Hint: We‌ ‌have‌ ‌to‌ ‌find‌ ‌the‌ ‌value‌ ‌of‌ ‌the‌ ‌given‌ ‌trigonometric‌ ‌function.‌ ‌We‌ ‌solve‌ ‌this‌ ‌question‌ ‌using‌ ‌the‌ ‌concept‌ ‌of‌ ‌the‌ ‌multiplication‌ ‌of‌ ‌terms,‌ ‌the‌ ‌concept‌ ‌of‌ ‌the‌ ‌formulas‌ ‌of‌ ‌the‌ ‌trigonometric‌ ‌function‌ ‌and‌ ‌the‌ ‌various‌ ‌values‌ ‌of‌ ‌the‌ ‌trigonometric‌ ‌function.‌ ‌And‌ ‌the‌ ‌conversion‌ ‌of‌ ‌the‌ ‌angle‌ ‌of‌ ‌the‌ ‌trigonometric‌ ‌function.‌ ‌First,‌ ‌we‌ ‌will‌ ‌take‌ ‌the‌ ‌terms‌ ‌and‌ ‌convert‌ ‌the‌ ‌angle‌ ‌of‌ ‌the‌ ‌terms‌ ‌such‌ ‌that‌ ‌we‌ ‌get‌ ‌the‌ ‌value‌ ‌similar‌ ‌to‌ ‌that‌ ‌of‌ ‌the‌ ‌others.‌ ‌Then‌ ‌we‌ ‌will‌ ‌take‌ ‌two‌ ‌terms‌ ‌of‌ ‌the‌ ‌function‌ ‌then‌ ‌multiply‌ ‌them‌ ‌using‌ ‌the‌ ‌formula‌ ‌of‌ ‌the‌ ‌difference‌ ‌of‌ ‌squares‌ ‌of‌ ‌two‌ ‌numbers‌ ‌and‌ ‌then‌ ‌simplifying‌ ‌the‌ ‌expression‌ ‌by‌ ‌using‌ ‌the‌ ‌formula‌ ‌of‌ ‌relation‌ ‌between‌ ‌sine‌ ‌and‌ ‌cosine‌ ‌functions.‌ ‌Further‌ ‌we‌ ‌will‌ ‌use‌ ‌the‌ ‌formula‌ ‌of‌ ‌the‌ ‌sum‌ ‌of‌ ‌two‌ ‌sine‌ ‌functions‌ ‌and‌ ‌then‌ ‌substituting‌ ‌the‌ ‌values‌ ‌in‌ ‌the‌ ‌expression,‌ ‌we‌ ‌will‌ ‌obtain‌ ‌the‌ ‌answer.‌ ‌

Complete step-by-step solution:
Given:
The value of \[\left( {1 + \cos \dfrac{\pi }{8}} \right)\left( {1 + \cos \dfrac{{3\pi }}{8}} \right)\left( {1 + \cos \dfrac{{5\pi }}{8}} \right)\left( {1 + \cos \dfrac{{7\pi }}{8}} \right)\].

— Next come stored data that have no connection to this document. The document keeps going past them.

lemma bij_betw_tri_reps_fst:
  "bij_betw (\<lambda>q. triangle (fst q)) (tri_reps m)
     {i \<in> {0..m}. (\<exists>j. triangle j = i) \<and> 3 dvd (m - i) \<and> (\<exists>k. triangle k = (m - i) div 3)}"
    (is "bij_betw _ _ ?I")
proof (rule bij_betwI')
  fix q q' assume q: "q \<in> tri_reps m" and q': "q' \<in> tri_reps m"
  show "triangle (fst q) = triangle (fst q') \<longleftrightarrow> q = q'"
  proof
    assume e: "triangle (fst q) = triangle (fst q')"
    then have "fst q = fst q'" by (rule triangle_inj)
    moreover have "triangle (snd q) = triangle (snd q')" using q q' e unfolding tri_reps_def by auto
    then have "snd q = snd q'" by (rule triangle_inj)
    ultimately show "q = q'" by (simp add: prod_eq_iff)
  qed simp
next
  fix q assume "q \<in> tri_reps m"
  then obtain j k where q: "q = (j, k)" "triangle j + 3 * triangle k = m"
    unfolding tri_reps_def by auto
  then have "m - triangle j = 3 * triangle k" by simp
  then show "triangle (fst q) \<in> ?I" using q by auto
next
  fix i assume "i \<in> ?I"
  then obtain j k where jk: "triangle j = i" "i \<le> m" "3 dvd (m - i)" "triangle k = (m - i) div 3"
    by auto
  then have "triangle j + 3 * triangle k = m" by auto
  then show "\<exists>q\<in>tri_reps m. i = triangle (fst q)"
    using jk by (intro bexI[of _ "(j, k)"]) (simp_all add: tri_reps_def)
qed

lemma psi_bit_mult_dilate3_nth: "(psi_bit * fps_dilate 3 psi_bit) $ m = of_nat (card (tri_reps m))"
proof -
  define I where
    "I = {i \<in> {0..m}. (\<exists>j. triangle j = i) \<and> 3 dvd (m - i) \<and> (\<exists>k. triangle k = (m - i) div 3)}"
  have "(psi_bit * fps_dilate 3 psi_bit) $ m = (\<Sum>i=0..m. psi_bit $ i * fps_dilate 3 psi_bit $ (m - i))"
    by (simp add: fps_mult_nth)
  also have "\<dots> = (\<Sum>i=0..m. if i \<in> I then 1 else 0)"
    by (rule sum.cong[OF refl]) (auto simp: I_def psi_bit_def fps_dilate_nth)
  also have "\<dots> = (\<Sum>i\<in>{i\<in>{0..m}. i \<in> I}. 1)"
    by (rule sum.inter_filter[symmetric]) simp
  also have "{i\<in>{0..m}. i \<in> I} = I" by (auto simp: I_def)
  also have "(\<Sum>i\<in>I. 1) = (of_nat (card I) :: bit)" by simp
  also have "card I = card (tri_reps m)"
    unfolding I_def by (rule bij_betw_same_card[symmetric, OF bij_betw_tri_reps_fst])
  finally show ?thesis .
qed

lemma psi_bit_dissection_nth:
  "(fps_dilate 4 psi_bit + fps_X * fps_dilate 12 psi_bit) $ m
     = (if \<exists>j. 4 * triangle j = m then 1 else 0) + (if \<exists>k. 12 * triangle k + 1 = m then 1 else 0)"
proof -
  have "fps_dilate 4 psi_bit $ m = (if \<exists>j. 4 * triangle j = m then 1 else 0)"
    by (auto simp: fps_dilate_nth psi_bit_def simp del: triangle.simps)
      (metis dvd_mult_div_cancel)
  moreover have "(fps_X * fps_dilate 12 psi_bit) $ m = (if \<exists>k. 12 * triangle k + 1 = m then 1 else 0)"
    by (cases m) (auto simp: fps_X_mult_nth fps_dilate_nth psi_bit_def simp del: triangle.simps,
        metis dvd_mult_div_cancel)
  ultimately show ?thesis by simp
qed

lemma psi_bit_identity:
  "psi_bit * fps_dilate 3 psi_bit = fps_dilate 4 psi_bit + fps_X * fps_dilate 12 psi_bit"
proof (rule fps_ext)
  fix m
  show "(psi_bit * fps_dilate 3 psi_bit) $ m = (fps_dilate 4 psi_bit + fps_X * fps_dilate 12 psi_bit) $ m"
    unfolding psi_bit_mult_dilate3_nth card_tri_reps_parity card_fixed_tri_reps
      psi_bit_dissection_nth by simp
qed

section \<open>Jacobi's identity modulo 2 and the 2-dissection\<close>

lemma psi_bit_mult_euler_bit: "psi_bit * euler_bit = fps_dilate 4 euler_bit"
proof (rule fps_ext)
  fix n
  have "(psi_bit * fps_dilate 3 psi_bit) $ (3*n)
      = (\<Sum>i=0..3*n. if 3 dvd i then psi_bit $ i * psi_bit $ ((3*n - i) div 3) else 0)"
    unfolding fps_mult_nth
  proof (rule sum.cong[OF refl])
    fix i assume "i \<in> {0..3*n}"
    then have "3 dvd (3*n - i) \<longleftrightarrow> 3 dvd i" by (simp add: dvd_diff_nat) presburger
    then show "psi_bit $ i * fps_dilate 3 psi_bit $ (3*n - i)
        = (if 3 dvd i then psi_bit $ i * psi_bit $ ((3*n - i) div 3) else 0)"
      by (simp add: fps_dilate_nth)
  qed
  also have "\<dots> = (\<Sum>i=0..n. psi_bit $ (3*i) * psi_bit $ ((3*n - 3*i) div 3))"
    by (rule sum_multiples_reindex) simp
  also have "\<dots> = (euler_bit * psi_bit) $ n"
    by (simp add: euler_bit_nth right_diff_distrib'[symmetric] fps_mult_nth)
  finally have lhs: "(psi_bit * fps_dilate 3 psi_bit) $ (3*n) = (psi_bit * euler_bit) $ n"
    by (simp add: mult.commute)
  have "fps_dilate 4 psi_bit $ (3*n) = fps_dilate 4 euler_bit $ n"
  proof (cases "4 dvd n")
    case True
    then show ?thesis by (auto simp: fps_dilate_nth euler_bit_nth)
  next
    case False
    then have "\<not> 4 dvd (3*n)" by presburger
    then show ?thesis using False by (simp add: fps_dilate_nth)
  qed
  moreover have "(fps_X * fps_dilate 12 psi_bit) $ (3*n) = 0"
  proof (cases n)
    case (Suc n')
    then have "\<not> 12 dvd (3*n - 1)" by presburger
    then show ?thesis using Suc by (simp add: fps_X_mult_nth fps_dilate_nth)
  qed simp
  ultimately show "(psi_bit * euler_bit) $ n = fps_dilate 4 euler_bit $ n"
    using lhs psi_bit_identity by (metis add_0_right fps_add_nth)
qed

We know that the we can convert the angle of the functions as:
\[\cos \dfrac{{5\pi }}{8} = \cos \left( {\pi - \dfrac{{3\pi }}{8}} \right)\]
\[\cos \dfrac{{7\pi }}{8} = \cos \left( {\pi - \dfrac{\pi }{8}} \right)\]

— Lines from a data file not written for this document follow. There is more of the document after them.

lemma countable_subset_range_inj:
  fixes S :: "'l set"
  assumes "countable S" "infinite (UNIV :: 'l set)"
  obtains e :: "nat \<Rightarrow> 'l" where "inj e" "S \<subseteq> range e"
proof -
  obtain f :: "nat \<Rightarrow> 'l" where "inj f"
    using infinite_countable_subset[OF assms(2)] by blast
  then have "infinite (S \<union> range f)"
    using range_inj_infinite by blast
  moreover have "countable (S \<union> range f)"
    using assms(1) by simp
  ultimately have "bij_betw (from_nat_into (S \<union> range f)) UNIV (S \<union> range f)"
    by (rule bij_betw_from_nat_into[rotated])
  then show ?thesis
    by (intro that[of "from_nat_into (S \<union> range f)"]) (auto simp: bij_betw_def)
qed

lemma has_sum_iff_has_sum_reindex:
  assumes "inj e" "\<And>l. l \<notin> range e \<Longrightarrow> u l = 0"
  shows "(u has_sum s) UNIV \<longleftrightarrow> ((\<lambda>n. u (e n)) has_sum s) UNIV"
proof -
  have "(u has_sum s) UNIV \<longleftrightarrow> (u has_sum s) (range e)"
    by (rule has_sum_cong_neutral) (use assms in auto)
  also have "\<dots> \<longleftrightarrow> ((u \<circ> e) has_sum s) UNIV"
    by (rule has_sum_reindex) (use assms in \<open>auto intro: inj_on_subset\<close>)
  finally show ?thesis by (simp add: o_def)
qed

lemma ext_term_eq_tf_shift:
  "ext_term c f l x y = c l * exp (- (snd l \<bullet> y)) * tf_shift l (\<lambda>x. f x y) x"
proof -
  have "exp (\<i> * (complex_of_real (snd l \<bullet> x) + \<i> * complex_of_real (snd l \<bullet> y)))
      = exp (- (snd l \<bullet> y)) * cis (snd l \<bullet> x)"
    by (simp add: cis_conv_exp algebra_simps exp_add[symmetric] exp_of_real[symmetric])
  then show ?thesis
    unfolding ext_term_def tf_shift_def by (simp add: mult_ac)
qed

lemma norm_ext_term:
  "norm (ext_term c f l x y) = norm (c l) * exp (- (snd l \<bullet> y)) * norm (f (x - fst l) y)"
  unfolding ext_term_def by (simp add: norm_mult)

lemma measurable_ext_term [measurable]:
  assumes [measurable]: "(\<lambda>x. f x y) \<in> borel_measurable borel"
  shows "(\<lambda>x. ext_term c f l x y) \<in> borel_measurable borel"
  unfolding ext_term_eq_tf_shift by measurable

lemma ext_term_series_L2:
  fixes c :: "'a::euclidean_space \<times> 'a \<Rightarrow> complex" and e :: "nat \<Rightarrow> 'a \<times> 'a"
  assumes e: "inj e" "\<And>l. c l \<noteq> 0 \<Longrightarrow> l \<in> range e"
    and K: "\<And>l. c l \<noteq> 0 \<Longrightarrow> exp (- (snd l \<bullet> y)) \<le> K" "0 \<le> K"
    and W: "(\<lambda>n. norm (c (e n))) sums W"
    and [measurable]: "(\<lambda>x. f x y) \<in> borel_measurable borel" and f_L2: "L2_sq (\<lambda>x. f x y) < \<infinity>"
  shows "L2_has_sum (\<lambda>l x. ext_term c f l x y) (\<lambda>x. \<Sum>n. ext_term c f (e n) x y)"
    and "L2_sq (\<lambda>x. \<Sum>n. ext_term c f (e n) x y) \<le> ennreal ((W * K)\<^sup>2) * L2_sq (\<lambda>x. f x y)"
proof -
  define w where "w n = norm (c (e n)) * K" for n
  define U where "U n x = norm (f (x - fst (e n)) y)" for n x
  have w: "\<And>n. 0 \<le> w n" "w sums (W * K)"
    unfolding w_def using K(2) W by (auto intro: sums_mult2)
  have dom: "norm (ext_term c f (e n) x y) \<le> w n * U n x" for n x
  proof (cases "c (e n) = 0")
    case False
    then show ?thesis
      unfolding norm_ext_term w_def U_def using K(1)
      by (intro mult_right_mono mult_left_mono) auto
  qed (simp add: ext_term_def w_def U_def)
  have U_L2: "(\<integral>\<^sup>+x. ennreal ((U n x)\<^sup>2) \<partial>lborel) \<le> L2_sq (\<lambda>x. f x y)" for n
    using L2_sq_translate[of "\<lambda>x. f x y" "fst (e n)"] by (simp add: U_def L2_sq_def)
  have [measurable]: "U n \<in> borel_measurable borel" for n
    unfolding U_def by measurable
  have zero: "ext_term c f l x y = 0" if "l \<notin> range e" for l x
    using e(2)[of l] that by (auto simp: ext_term_def)
  show "L2_has_sum (\<lambda>l x. ext_term c f l x y) (\<lambda>x. \<Sum>n. ext_term c f (e n) x y)"
    by (rule L2_has_sum_suminf_reindex[where U = U and w = w])
       (use e(1) zero dom w U_L2 f_L2 in \<open>auto simp: U_def sums_iff\<close>)
  have "L2_sq (\<lambda>x. (\<Sum>n. ext_term c f (e n) x y) - (\<Sum>n\<in>{}. ext_term c f (e n) x y))
          \<le> ennreal ((\<Sum>n. w (n + 0))\<^sup>2) * L2_sq (\<lambda>x. f x y)"
    by (rule L2_sq_suminf_remainder_le[where U = U])
       (use dom w U_L2 f_L2 in \<open>auto simp: U_def sums_iff\<close>)
  then show "L2_sq (\<lambda>x. \<Sum>n. ext_term c f (e n) x y) \<le> ennreal ((W * K)\<^sup>2) * L2_sq (\<lambda>x. f x y)"
    using w(2) by (simp add: sums_iff)
qed

lemma countable_tf_supp: "in_algebra_A c \<Longrightarrow> countable (tf_supp c)"
  unfolding in_algebra_A_def tf_supp_def
  using summable_countable_real[of "\<lambda>l. norm (c l)" UNIV] by simp

lemma obtain_tf_supp_enumeration:
  fixes c :: "'a::euclidean_space \<times> 'a \<Rightarrow> complex"
  assumes A: "in_algebra_A c"
  obtains e :: "nat \<Rightarrow> 'a \<times> 'a"
  where "inj e" "\<And>l. c l \<noteq> 0 \<Longrightarrow> l \<in> range e" "(\<lambda>n. norm (c (e n))) sums A_norm c"
proof -
  obtain e :: "nat \<Rightarrow> 'a \<times> 'a" where e: "inj e" "tf_supp c \<subseteq> range e"
    using countable_subset_range_inj[OF countable_tf_supp[OF A] infinite_UNIV_euclidean_space] .
  have "((\<lambda>l. norm (c l)) has_sum A_norm c) UNIV"
    using A unfolding in_algebra_A_def A_norm_def by (rule has_sum_infsum)
  moreover have "norm (c l) = 0" if "l \<notin> range e" for l
    using e(2) that by (auto simp: tf_supp_def)
  ultimately have "(\<lambda>n. norm (c (e n))) sums A_norm c"
    by (simp add: has_sum_iff_has_sum_reindex[OF e(1)] has_sum_imp_sums)
  with e show thesis
    by (intro that) (auto simp: tf_supp_def)
qed

lemma L2_sq_le_L2inf_sq: "y \<in> cball 0 \<rho> \<Longrightarrow> L2_sq (\<lambda>x. f x y) \<le> L2inf_sq \<rho> f"
  unfolding L2inf_sq_def by (rule SUP_upper)

lemma L2inf_sq_le_cmult:
  assumes "\<And>y. y \<in> cball 0 \<rho> \<Longrightarrow> L2_sq (\<lambda>x. g x y) \<le> C * L2_sq (\<lambda>x. f x y)"
  shows "L2inf_sq \<rho> g \<le> C * L2inf_sq \<rho> f"
  unfolding L2inf_sq_def[of \<rho> g]
proof (rule SUP_least)
  fix y :: 'a assume y: "y \<in> cball 0 \<rho>"
  have "L2_sq (\<lambda>x. g x y) \<le> C * L2_sq (\<lambda>x. f x y)"
    using assms[OF y] .
  also have "\<dots> \<le> C * L2inf_sq \<rho> f"
    by (intro mult_left_mono L2_sq_le_L2inf_sq y) simp
  finally show "L2_sq (\<lambda>x. g x y) \<le> C * L2inf_sq \<rho> f" .
qed

lemma exp_minus_inner_le:
  assumes "norm w \<le> \<Omega>" "norm y \<le> \<rho>" "0 \<le> \<Omega>"
  shows "exp (- (w \<bullet> y)) \<le> exp (\<rho> * \<Omega>)"
proof -
  have "- (w \<bullet> y) \<le> norm w * norm y"
    using norm_cauchy_schwarz[of "- w" y] by simp
  also have "\<dots> \<le> \<Omega> * \<rho>"
    using assms by (intro mult_mono) auto
  finally show ?thesis by (simp add: mult.commute)
qed

lemma extends_bounded_if_tf_supp_bounded:
  fixes c :: "'a::euclidean_space \<times> 'a \<Rightarrow> complex"
  assumes A: "in_algebra_A c" and supp: "tf_supp c \<subseteq> UNIV \<times> cball 0 \<Omega>" and "0 \<le> \<Omega>"
  shows "extends_bounded \<rho> c (A_norm c * exp (\<rho> * \<Omega>))"
  unfolding extends_bounded_def
proof (intro allI impI)
  fix f :: "'a \<Rightarrow> 'a \<Rightarrow> complex"
  assume f: "in_X \<rho> f"
  obtain e :: "nat \<Rightarrow> 'a \<times> 'a"
    where e: "inj e" "\<And>l. c l \<noteq> 0 \<Longrightarrow> l \<in> range e" and W: "(\<lambda>n. norm (c (e n))) sums A_norm c"
    using obtain_tf_supp_enumeration[OF A] by blast
  have K: "exp (- (snd l \<bullet> y)) \<le> exp (\<rho> * \<Omega>)" if "y \<in> cball 0 \<rho>" "c l \<noteq> 0" for l y
    using supp that \<open>0 \<le> \<Omega>\<close> by (intro exp_minus_inner_le) (auto simp: tf_supp_def)
  define g where "g x y = (\<Sum>n. ext_term c f (e n) x y)" for x y
  have f_y: "(\<lambda>x. f x y) \<in> borel_measurable borel" "L2_sq (\<lambda>x. f x y) < \<infinity>"
    if "y \<in> cball 0 \<rho>" for y
    using f L2_sq_le_L2inf_sq[OF that, of f] that unfolding in_X_def by (simp_all add: le_less_trans)
  have series: "L2_has_sum (\<lambda>l x. ext_term c f l x y) (\<lambda>x. g x y)"
      "L2_sq (\<lambda>x. g x y) \<le> ennreal ((A_norm c * exp (\<rho> * \<Omega>))\<^sup>2) * L2_sq (\<lambda>x. f x y)"
    if "y \<in> cball 0 \<rho>" for y
    unfolding g_def using ext_term_series_L2[where f = f and y = y and K = "exp (\<rho> * \<Omega>)",
        OF e K[OF that] exp_ge_zero W f_y[OF that]] by simp_all
  have g_bound: "L2inf_sq \<rho> g \<le> ennreal ((A_norm c * exp (\<rho> * \<Omega>))\<^sup>2) * L2inf_sq \<rho> f"
    by (rule L2inf_sq_le_cmult) (rule series(2))
  have "in_X \<rho> g"
    unfolding in_X_def
  proof (intro conjI ballI)
    show "(\<lambda>x. g x y) \<in> borel_measurable lborel" if "y \<in> cball 0 \<rho>" for y
      using f_y(1)[OF that] unfolding g_def by measurable
    show "L2inf_sq \<rho> g < \<infinity>"
      using g_bound f unfolding in_X_def by (simp add: ennreal_mult_less_top le_less_trans)
  qed
  then show "\<exists>g. in_X \<rho> g \<and> (\<forall>y\<in>cball 0 \<rho>. L2_has_sum (\<lambda>l x. ext_term c f l x y) (\<lambda>x. g x y))
            \<and> L2inf_sq \<rho> g \<le> ennreal ((A_norm c * exp (\<rho> * \<Omega>))\<^sup>2) * L2inf_sq \<rho> f"
    using series(1) g_bound by (intro exI[of _ g]) simp
qed

section \<open>Time-frequency shifts of the unit cube\<close>

lemma tf_shift_tf_shift:
  "tf_shift l (tf_shift z f) x = cis (snd l \<bullet> x + snd z \<bullet> (x - fst l)) * f (x - fst l - fst z)"
  by (simp add: tf_shift_def mult.assoc[symmetric] cis_mult)

lemma tf_shift_tf_shift_mult_cnj:
  "tf_shift l (tf_shift z f) (x + fst z) * cnj (tf_shift m (tf_shift z f) (x + fst z))
     = cis ((snd l - snd m, fst m - fst l) \<bullet> z) * (tf_shift l f x * cnj (tf_shift m f x))"
proof -
  have phase: "cis (snd l \<bullet> (x + fst z) + snd z \<bullet> (x + fst z - fst l))
          * cnj (cis (snd m \<bullet> (x + fst z) + snd z \<bullet> (x + fst z - fst m)))
      = cis ((snd l - snd m, fst m - fst l) \<bullet> z) * (cis (snd l \<bullet> x) * cnj (cis (snd m \<bullet> x)))"
    unfolding cis_cnj cis_mult
    by (rule arg_cong[where f = cis], cases z)
       (simp add: inner_Pair inner_diff_left inner_diff_right inner_add_right inner_commute)
  have "tf_shift l (tf_shift z f) (x + fst z) * cnj (tf_shift m (tf_shift z f) (x + fst z))
      = cis (snd l \<bullet> (x + fst z) + snd z \<bullet> (x + fst z - fst l))
          * cnj (cis (snd m \<bullet> (x + fst z) + snd z \<bullet> (x + fst z - fst m)))
          * (f (x - fst l) * cnj (f (x - fst m)))"
    unfolding tf_shift_tf_shift by (simp add: mult_ac)
  also have "\<dots> = cis ((snd l - snd m, fst m - fst l) \<bullet> z) * (tf_shift l f x * cnj (tf_shift m f x))"
    unfolding phase by (simp add: tf_shift_def mult_ac)
  finally show ?thesis .
qed

lemma L2_inner_tf_shift_tf_shift:
  assumes [measurable]: "f \<in> borel_measurable borel"
  shows "L2_inner (tf_shift l (tf_shift z f)) (tf_shift m (tf_shift z f))
           = cis ((snd l - snd m, fst m - fst l) \<bullet> z) * L2_inner (tf_shift l f) (tf_shift m f)"
proof -
  have "L2_inner (tf_shift l (tf_shift z f)) (tf_shift m (tf_shift z f))
      = (\<integral>x. tf_shift l (tf_shift z f) (x + fst z) * cnj (tf_shift m (tf_shift z f) (x + fst z)) \<partial>lborel)"
    unfolding L2_inner_def by (rule integral_lborel_translate[symmetric]) measurable
  also have "\<dots> = cis ((snd l - snd m, fst m - fst l) \<bullet> z) * L2_inner (tf_shift l f) (tf_shift m f)"
    unfolding tf_shift_tf_shift_mult_cnj L2_inner_def by simp
  finally show ?thesis .
qed

definition cube_indicator :: "'a::euclidean_space \<Rightarrow> complex" where
  "cube_indicator x = of_real (indicator (cbox 0 One) x)"

lemma measurable_cube_indicator [measurable]: "cube_indicator \<in> borel_measurable borel"
  unfolding cube_indicator_def by measurable

lemma L2_sq_cube_indicator: "L2_sq (cube_indicator :: 'a::euclidean_space \<Rightarrow> complex) = 1"
proof -
  have "L2_sq (cube_indicator :: 'a \<Rightarrow> complex) = (\<integral>\<^sup>+x. indicator (cbox (0::'a) One) x \<partial>lborel)"
    unfolding L2_sq_def cube_indicator_def by (intro nn_integral_cong) (simp add: indicator_def)
  also have "\<dots> = 1" by (simp add: emeasure_lborel_cbox_eq)
  finally show ?thesis .
qed

lemma L2_inner_tf_shift_cube_indicator_self:
  "L2_inner (tf_shift l cube_indicator) (tf_shift l (cube_indicator :: 'a::euclidean_space \<Rightarrow> complex)) = 1"
proof -
  have "L2_inner (tf_shift l cube_indicator) (tf_shift l cube_indicator)
      = (\<integral>x. cube_indicator (x - fst l) \<partial>lborel :: complex)"
    unfolding L2_inner_def tf_shift_def
    by (intro Bochner_Integration.integral_cong)
       (auto simp: cube_indicator_def indicator_def cis_cnj cis_mult)
  also have "\<dots> = (\<integral>x. (cube_indicator :: 'a \<Rightarrow> complex) x \<partial>lborel)"
    using integral_lborel_translate[of cube_indicator "- fst l"] by simp
  also have "\<dots> = 1"
    by (simp add: cube_indicator_def measure_def emeasure_lborel_cbox_eq)
  finally show ?thesis .
qed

As, we know that the value of the cosine function is negative in the second quadrant, so we can write it as:
\[\cos \dfrac{{5\pi }}{8} = - \cos \left( {\dfrac{{3\pi }}{8}} \right)\]
\[\cos \dfrac{{7\pi }}{8} = - \cos \left( {\dfrac{\pi }{8}} \right)\]
Now, substituting the values in the expression we get
\[\left( {1 + \cos \dfrac{\pi }{8}} \right)\left( {1 + \cos \dfrac{{3\pi }}{8}} \right)\left( {1 + \cos \dfrac{{5\pi }}{8}} \right)\left( {1 + \cos \dfrac{{7\pi }}{8}} \right) = \left( {1 + \cos \dfrac{\pi }{8}} \right)\left( {1 + \cos \dfrac{{3\pi }}{8}} \right)\left( {1 - \cos \dfrac{{3\pi }}{8}} \right)\left( {1 - \cos \dfrac{\pi }{8}} \right)\]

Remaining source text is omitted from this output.